Best for
Integrated maths/literacy tasks, percentages practice, financial capability discussions, or a useful build-up to budgeting work.
Mathematics / literacy integration • Years 8-12 • Print-ready tomorrow
This handout combines reading comprehension and numeracy so students can explain how interest grows, compare saving with debt, and justify which financial choices are safer in real life.
This resource is ready to print and use. Te Wānanga becomes useful when you want local prices, different interest rates, a simplified support version, or a senior extension built around real finance contexts your class is already discussing.
The point here is not abstract finance jargon. It is to help students see how percentages shape real choices and future options.
The companion page makes the mathematics links explicit around percentages, proportional reasoning, and communicating evidence-based conclusions in context.
Financial literacy supports mana motuhake because students who understand interest, debt, and saving can make more informed choices for themselves and their whānau. In Aotearoa, that means not only getting the maths right but seeing how financial decisions affect wellbeing over time.

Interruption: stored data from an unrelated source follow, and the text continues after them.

lemma Laurent_x1_exchange_elem_as_Fract:
  fixes f :: "'a::idom poly"
  shows "z \<in> gen_ring {fr X1, inverse (fr X1), fr X2, fr [:f:] / fr X2} \<Longrightarrow>
    \<exists>q N m. exchange_numerator f m q \<and> z = Fract q (X1 ^ N * X2 ^ m)"
proof (induction rule: gen_ring.induct)
  case (const c)
  have "fr [:[:c:]:] = Fract [:[:c:]:] (X1 ^ 0 * X2 ^ 0)"
    by (simp add: fr_def)
  then show ?case
    using exchange_numerator_0 by blast
next
  case (gen g)
  then consider "g = Fract X1 (X1 ^ 0 * X2 ^ 0)" | "g = Fract 1 (X1 ^ 1 * X2 ^ 0)"
    | "g = Fract X2 (X1 ^ 0 * X2 ^ 0)" | "g = Fract [:f:] (X1 ^ 0 * X2 ^ 1)"
    by (auto simp: fr_def)
  then show ?case
    using exchange_numerator_0 exchange_numerator_const_f by cases blast+
next
  case (add a b)
  then obtain p n N q m M where p: "exchange_numerator f n p" and q: "exchange_numerator f m q"
    and "a = Fract p (X1 ^ N * X2 ^ n)" and "b = Fract q (X1 ^ M * X2 ^ m)"
    by blast
  then have "a + b = Fract (p * (X1 ^ M * X2 ^ m) + q * (X1 ^ N * X2 ^ n)) (X1 ^ (N + M) * X2 ^ (n + m))"
    by (simp add: power_add algebra_simps)
  moreover have "exchange_numerator f (n + m) (p * (X1 ^ M * X2 ^ m) + q * (X1 ^ N * X2 ^ n))"
    using exchange_numerator_mult[OF p exchange_numerator_X1_X2_power]
      exchange_numerator_mult[OF q exchange_numerator_X1_X2_power[of f n N]]
    by (intro exchange_numerator_add) (simp_all add: add.commute)
  ultimately show ?case by blast
next
  case (neg a)
  then obtain p n N where "exchange_numerator f n p" and "a = Fract p (X1 ^ N * X2 ^ n)"
    by blast
  then have "exchange_numerator f n (- p) \<and> - a = Fract (- p) (X1 ^ N * X2 ^ n)"
    by (simp add: exchange_numerator_uminus)
  then show ?case by blast
next
  case (mult a b)
  then obtain p n N q m M where p: "exchange_numerator f n p" and q: "exchange_numerator f m q"
    and "a = Fract p (X1 ^ N * X2 ^ n)" and "b = Fract q (X1 ^ M * X2 ^ m)"
    by blast
  then have "a * b = Fract (p * q) (X1 ^ (N + M) * X2 ^ (n + m))"
    by (simp add: power_add algebra_simps)
  then show ?case
    using exchange_numerator_mult[OF p q] by blast
qed
text \<open>Positivity of \<open>d\<^sub>s\<^sup>+\<close> needs the realization: a node of a smallest cluster has an
  edge in \<open>Ap\<close>, and every edge of the realization has positive expected weight.\<close>

lemma ds_plus_pos:
  fixes cl :: "'n::finite \<Rightarrow> 'k::finite"
  assumes "surj cl" and p: "0 < p" and \<eta>: "0 \<le> \<eta>" "\<eta> < 1/2"
    and real: "ssbm_realization p \<eta> cl Ap Am" and deg: "\<And>i. 0 < deg Ap i"
  shows "0 < ds_plus p \<eta> cl"
proof -
  obtain i where i: "ds_plus p \<eta> cl = deg (exp_adj_pos p \<eta> cl) i"
    using ds_plus_eq_deg_exp_adj_pos[OF \<open>surj cl\<close>] .
  have "\<exists>j. Ap $ i $ j \<noteq> 0"
  proof (rule ccontr)
    assume "\<not> (\<exists>j. Ap $ i $ j \<noteq> 0)"
    then have "deg Ap i = 0"
      unfolding deg_def by simp
    then show False
      using deg[of i] by simp
  qed
  then obtain j where edge: "Ap $ i $ j = 1" and "j \<noteq> i"
    using real unfolding ssbm_realization_def by (metis insert_iff singletonD)
  have "cl i \<noteq> cl j \<Longrightarrow> 0 < \<eta>"
    using real edge \<open>j \<noteq> i\<close> unfolding ssbm_realization_def by metis
  then have "0 < exp_adj_pos p \<eta> cl $ i $ j"
    using p \<eta> \<open>j \<noteq> i\<close> unfolding exp_adj_pos_def by (cases "cl i = cl j") auto
  then have "0 < deg (exp_adj_pos p \<eta> cl) i"
    using p \<eta> by (intro deg_pos_of_entry exp_adj_pos_nonneg) auto
  then show ?thesis
    using i by simp
qed

lemma deg_exp_adj_neg_pos:
  fixes cl :: "'n::finite \<Rightarrow> 'k::finite"
  assumes "CARD('k) \<ge> 2" and "surj cl" and "0 < p" and "0 \<le> \<eta>" "\<eta> < 1/2"
  shows "0 < deg (exp_adj_neg p \<eta> cl) i"
proof -
  have "\<not> (\<forall>a\<in>(UNIV::'k set). \<forall>b\<in>UNIV. a = b)"
    using assms(1) card_le_Suc0_iff_eq[of "UNIV::'k set"] by auto
  then obtain c where "c \<noteq> cl i"
    by metis
  moreover obtain j where "cl j = c"
    using \<open>surj cl\<close> by (metis surjD)
  ultimately have "0 < exp_adj_neg p \<eta> cl $ i $ j"
    using assms unfolding exp_adj_neg_def by auto
  then show ?thesis
    using assms by (intro deg_pos_of_entry exp_adj_neg_nonneg) auto
qed

lemma spec_norm_shifted_exp_sym_lap_le:
  fixes cl :: "'n::finite \<Rightarrow> 'k::finite"
  assumes p: "0 \<le> p" and \<eta>: "0 \<le> \<eta>" "\<eta> \<le> 1/2" and ds: "0 < ds_plus p \<eta> cl" and "0 \<le> \<tau>"
  shows "spec_norm (sym_lap (exp_adj_pos p \<eta> cl) + \<tau> *\<^sub>R mat 1)
    \<le> 1 + \<tau> + p * (1 - \<eta>) / ds_plus p \<eta> cl"
proof -
  let ?A = "exp_adj_pos p \<eta> cl"
  have sym: "transpose ?A = ?A"
    by (rule symmetric_exp_adj_pos)
  have deg: "ds_plus p \<eta> cl \<le> deg ?A i" for i
    using ds_plus_le_deg_exp_adj_pos[OF p \<eta>(2)] .
  then have "0 < deg ?A i" for i
    using ds order_less_le_trans by blast
  then have lower: "0 \<le> x \<bullet> (sym_lap ?A *v x)" for x
    using p \<eta> by (intro sym_lap_psd[OF sym]) (auto intro: exp_adj_pos_nonneg)
  have upper: "x \<bullet> (sym_lap ?A *v x) \<le> (1 + p * (1 - \<eta>) / ds_plus p \<eta> cl) * (x \<bullet> x)" for x
    using p \<eta> ds deg by (intro sym_lap_quadratic_form_le exp_adj_pos_quadratic_form_ge) auto
  show ?thesis
  proof (rule spec_norm_symmetric_le[OF symmetric_shifted_sym_lap[OF sym]])
    fix x :: "real^'n"
    have "0 \<le> \<tau> * (x \<bullet> x)"
      using \<open>0 \<le> \<tau>\<close> by simp
    then show "\<bar>x \<bullet> ((sym_lap ?A + \<tau> *\<^sub>R mat 1) *v x)\<bar> \<le> (1 + \<tau> + p * (1 - \<eta>) / ds_plus p \<eta> cl) * (x \<bullet> x)"
      unfolding quadratic_form_shift using lower[of x] upper[of x] by (simp add: distrib_right)
  qed
qed

lemma ssbm_realization_adj_neg:
  assumes "ssbm_realization p \<eta> cl Ap Am"
  shows "transpose Am = Am" and "0 \<le> Am $ i $ j"
proof -
  show "transpose Am = Am"
    using assms unfolding ssbm_realization_def by blast
  have "Am $ i $ j \<in> {0, 1}"
    using assms unfolding ssbm_realization_def by blast
  then show "0 \<le> Am $ i $ j"
    by auto
qed

theorem mainTheorem14:
  fixes cl :: "'n::finite \<Rightarrow> 'k::finite"
    and p \<eta> tau_plus tau_minus \<Delta>P \<Delta>Q :: real
    and Ap Am :: "real^'n^'n"
  assumes "CARD('n) \<ge> 2" and "CARD('k) \<ge> 2" and "surj cl"
    and "0 < p" and "p \<le> 1" and "0 \<le> \<eta>" and "\<eta> < 1/2"
    and "ssbm_realization p \<eta> cl Ap Am"
    and "\<forall>i. deg Ap i > 0" and "\<forall>i. deg Am i > 0"
    and "tau_plus > 0" and "tau_minus \<ge> 0"
    and "spec_norm ((sym_lap Am + tau_plus *\<^sub>R mat 1)
           - (sym_lap (exp_adj_neg p \<eta> cl) + tau_plus *\<^sub>R mat 1)) \<le> \<Delta>P"
    and "spec_norm ((sym_lap Ap + tau_minus *\<^sub>R mat 1)
           - (sym_lap (exp_adj_pos p \<eta> cl) + tau_minus *\<^sub>R mat 1)) \<le> \<Delta>Q"
  shows "spec_norm (T_mat (sym_lap Ap) (sym_lap Am) tau_plus tau_minus
           - T_mat (sym_lap (exp_adj_pos p \<eta> cl)) (sym_lap (exp_adj_neg p \<eta> cl)) tau_plus tau_minus)
         \<le> (1 + tau_minus + p * (1 - \<eta>) / ds_plus p \<eta> cl + \<Delta>Q) / tau_plus
              * (\<Delta>P / tau_plus + 2 * sqrt (\<Delta>P / tau_plus)) + \<Delta>Q / tau_plus"
proof -
  let ?Bb = "exp_adj_neg p \<eta> cl"
  have Am: "transpose Am = Am" "\<And>i j. 0 \<le> Am $ i $ j"
    using ssbm_realization_adj_neg[OF \<open>ssbm_realization p \<eta> cl Ap Am\<close>] by blast+
  have Bb: "transpose ?Bb = ?Bb" "\<And>i j. 0 \<le> ?Bb $ i $ j" "\<And>i. 0 < deg ?Bb i"
    using assms(2-7) by (auto intro: symmetric_exp_adj_neg exp_adj_neg_nonneg deg_exp_adj_neg_pos)
  have "0 < ds_plus p \<eta> cl"
    using assms(3-9) by (intro ds_plus_pos) auto
  then have Qb: "spec_norm (sym_lap (exp_adj_pos p \<eta> cl) + tau_minus *\<^sub>R mat 1)
      \<le> 1 + tau_minus + p * (1 - \<eta>) / ds_plus p \<eta> cl"
    using assms(4,6,7,12) by (intro spec_norm_shifted_exp_sym_lap_le) auto
  show ?thesis
    unfolding T_mat_def
    by (rule spec_norm_inv_sqrt_congruence_diff_le[OF
          symmetric_shifted_sym_lap[OF Am(1)] shifted_sym_lap_lower_bound[OF Am assms(10)[rule_format]]
          symmetric_shifted_sym_lap[OF Bb(1)] shifted_sym_lap_lower_bound[OF Bb]
          \<open>tau_plus > 0\<close> assms(13,14) Qb])
qed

This handout treats financial capability as part of responsible adulthood, not as a detached maths exercise. Through a mātauranga Māori lens, the goal is not simply personal gain but informed decision-making that protects options, relationships, and collective wellbeing.
Interest is a percentage added to money. If you are saving, interest can help your money grow. If you owe money, interest can make your debt grow instead. That is why the same percentage idea can be helpful in one situation and harmful in another.
For example, if $1,000 grows by 10%, the new amount is $1,100. If that process continues, the next percentage is applied to the larger amount, not just the original $1,000. That is why interest can build steadily over time.
Savings example: A student saves $500 in an account that grows by 8% in one year.
Debt example: If the same student owes $500 on a high-interest account at 8%, the amount owing becomes $540 instead.
A savings balance of $750 grows by 12%. How much interest is added, and what is the new total?
Why does a 12% rate feel different on savings than on debt, even though the percentage is the same?
Which is the safer option for a teenager saving for something important: waiting and saving, or using a high-interest debt option straight away? Justify your answer.
Level 3–4: Read and interpret a range of texts for meaning and purpose; identify author intent, text structure, and language choices; write clearly for specific audiences and purposes using appropriate conventions.
Level 3–4: Understand how texts construct knowledge and perspective; evaluate the credibility and purpose of different sources; communicate ideas and findings effectively in written and oral forms.
In te ao Māori, language — reo — is a taonga: a treasure that carries culture, identity, and whakapapa across generations. The ability to speak clearly, to argue persuasively, to read critically, and to write with purpose are not simply academic skills — they are forms of mana in action. Māori oratory (whaikōrero) has always valued precision, evidence, and the ability to locate one's argument within a broader cultural and ancestral context. Students who develop strong literacy skills are developing the same capacities that made great orators powerful: the ability to be heard, understood, and taken seriously in any room they enter.
This handout is designed to be used alongside the broader unit resources available at Te Kete Ako handouts library. Related resources from the same unit are linked in the unit planner. All resources are provided — no additional preparation is required to use this handout in your classroom.
Students will engage with this resource to build core literacy skills — reading comprehension, writing craft, and oral language — grounded in the rich storytelling traditions of Aotearoa New Zealand and the literacy practices that empower rangatahi voice.
Scaffold support: Provide sentence starters, word banks, or graphic organisers for entry-level access. Model think-alouds before independent tasks. Offer extension challenges that deepen analysis — for example, comparing the author's craft choices across two texts or writing an additional stanza or paragraph.
ELL / ESOL: Pre-teach key vocabulary before reading. Allow students to annotate in their home language first, then translate key ideas. Use shared reading and think-pair-share structures to lower the stakes for language production. Bilingual glossaries and visual text supports help bridge comprehension.
Inclusion: Chunk reading and writing tasks into manageable steps. Offer multimodal options — oral, visual, or digital — for students to demonstrate understanding. Neurodiverse learners benefit from clear task structures and explicit success criteria. Affirm diverse linguistic and cultural backgrounds as assets, not deficits.
Mātauranga Māori lens: Literacy in Te Ao Māori encompasses tātai kōrero (the arrangement of speech), waiata, whakataukī, and the deep art of kōrero — storytelling as knowledge transmission. Encourage students to see their own family stories and community knowledge as valid literacy texts. Karakia opens and closes learning with intention. Tātai kōrero honours the voice.
Prior knowledge: Adaptable across year levels. No specialist prior knowledge required for entry-level engagement. Teachers may wish to pre-read the resource and anticipate vocabulary that needs pre-teaching.